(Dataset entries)
....

lemma inner_inv_next_cell:
  assumes outer: "outer_inv c0 ps0" and i: "i \<in> {1..m}" "fst c0 i = Some (\<pi> i)" "\<pi> i \<noteq> i"
    and inner: "inner_inv c0 ps0 i N c ps" and g: "snd c = Some g" "g \<noteq> i"
  shows "g \<in> {1..m}" "fst c0 g = Some (\<pi> g)" "\<pi> g \<noteq> g" "\<pi> g \<notin> insert g N"
proof -
  have inj: "inj \<pi>" using perm by (rule permutes_inj)
  have N: "g \<notin> N" "\<pi> ` insert i N = insert g N" "N \<subseteq> {1..m}"
    "\<forall>j\<in>N. fst c0 j = Some (\<pi> j) \<and> \<pi> j \<noteq> j"
    using inner g(1) by (auto simp: inner_inv_def)
  have visited_undone: "x \<notin> done_cells c0" if "x \<in> insert i N" for x
    using that i(2,3) N(4) by (auto simp: done_cells_def)
  obtain x where x: "x \<in> insert i N" "g = \<pi> x"
    using N(2) by blast
  have g_new: "g \<notin> insert i N" using g(2) N(1) by simp
  show "g \<in> {1..m}"
    using x N(3) i(1) permutes_in_image[OF perm] by auto
  show moved: "\<pi> g \<noteq> g"
    using x g_new inj by (metis injD)
  have "g \<notin> done_cells c0"
  proof
    assume "g \<in> done_cells c0"
    then have "g \<in> \<pi> ` done_cells c0" using outer_inv_done_cells_closed[OF outer] by simp
    then show False using x visited_undone inj by (metis imageE injD)
  qed
  then show "fst c0 g = Some (\<pi> g)"
    using outer moved \<open>g \<in> {1..m}\<close> by (auto simp: outer_inv_def done_cells_def)
  show "\<pi> g \<notin> insert g N"
  proof
    assume "\<pi> g \<in> insert g N"
    then obtain y where "y \<in> insert i N" "\<pi> g = \<pi> y" using N(2) by (metis imageE)
    then show False using g_new inj by (metis injD)
  qed
qed

lemma inner_inv_step:
  assumes outer: "outer_inv c0 ps0" and i: "i \<in> {1..m}" "fst c0 i = Some (\<pi> i)" "\<pi> i \<noteq> i"
    and inner: "inner_inv c0 ps0 i N c ps" and g: "snd c = Some g" "g \<noteq> i"
  shows "inner_inv c0 ps0 i (insert g N) (pns g c) (ps @ [g])"
    and "card (misplaced (pns g c)) < card (misplaced c)"
proof -
  note next_cell = inner_inv_next_cell[OF assms]
  have g_new: "g \<notin> insert i N" using inner g by (auto simp: inner_inv_def)
  then have cg: "fst c g = Some (\<pi> g)" using inner next_cell(2) by (simp add: inner_inv_def)
  have finN: "finite N" using inner by (auto simp: inner_inv_def finite_subset)
  have "\<pi> ` insert i (insert g N) = insert (\<pi> g) (insert g N)"
    using inner g(1) by (auto simp: inner_inv_def insert_commute)
  then show "inner_inv c0 ps0 i (insert g N) (pns g c) (ps @ [g])"
    using inner g next_cell cg finN by (auto simp: inner_inv_def exec_snoc)
  have "misplaced (pns g c) = misplaced c - {g}" "g \<in> misplaced c"
    using g(1) cg next_cell(1,3) by (auto simp: misplaced_def)
  then show "card (misplaced (pns g c)) < card (misplaced c)"
    by (metis card_Diff1_less finite_misplaced)
qed

lemma sweep_inner_closes_cycle:
  assumes outer: "outer_inv c0 ps0" and i: "i \<in> {1..m}" "fst c0 i = Some (\<pi> i)" "\<pi> i \<noteq> i"
  obtains N c ps where "sweep_inner i (pns i c0, ps0 @ [i]) = Some (c, ps)"
    "inner_inv c0 ps0 i N c ps" "snd c = Some i"
proof -
  let ?P = "\<lambda>(c, ps). \<exists>N. inner_inv c0 ps0 i N c ps"
  let ?b = "\<lambda>(c, ps). snd c \<noteq> Some i"
  let ?step = "\<lambda>(c, ps). let g = the (snd c) in (pns g c, ps @ [g])"
  have step: "?P (?step s) \<and> card (misplaced (fst (?step s))) < card (misplaced (fst s))"
    if "?P s" "?b s" for s
  proof -
    obtain c ps N where s: "s = (c, ps)" and inner: "inner_inv c0 ps0 i N c ps"
      using \<open>?P s\<close> by auto
    obtain g where g: "snd c = Some g" "g \<noteq> i"
      using inner \<open>?b s\<close> s by (auto simp: inner_inv_def)
    show ?thesis
      using inner_inv_step[OF outer i inner g] s g by auto
  qed
  have "?P (pns i c0, ps0 @ [i])"
    using inner_inv_start[OF outer i(1,2)] by blast
  then obtain t where "while_option ?b ?step (pns i c0, ps0 @ [i]) = Some t" "?P t" "\<not> ?b t"
    using while_option_invariant_measure[where f = "\<lambda>s. card (misplaced (fst s))", OF step] by blast
  then show ?thesis
    using that unfolding sweep_inner_def by (cases t) auto
qed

....

Task brief: Search the records for the word "open" and return every line that holds it.

Task output:
    using outer moved \<open>g \<in> {1..m}\<close> by (auto simp: outer_inv_def done_cells_def)
      using \<open>?P s\<close> by auto
      using inner \<open>?b s\<close> s by (auto simp: inner_inv_def)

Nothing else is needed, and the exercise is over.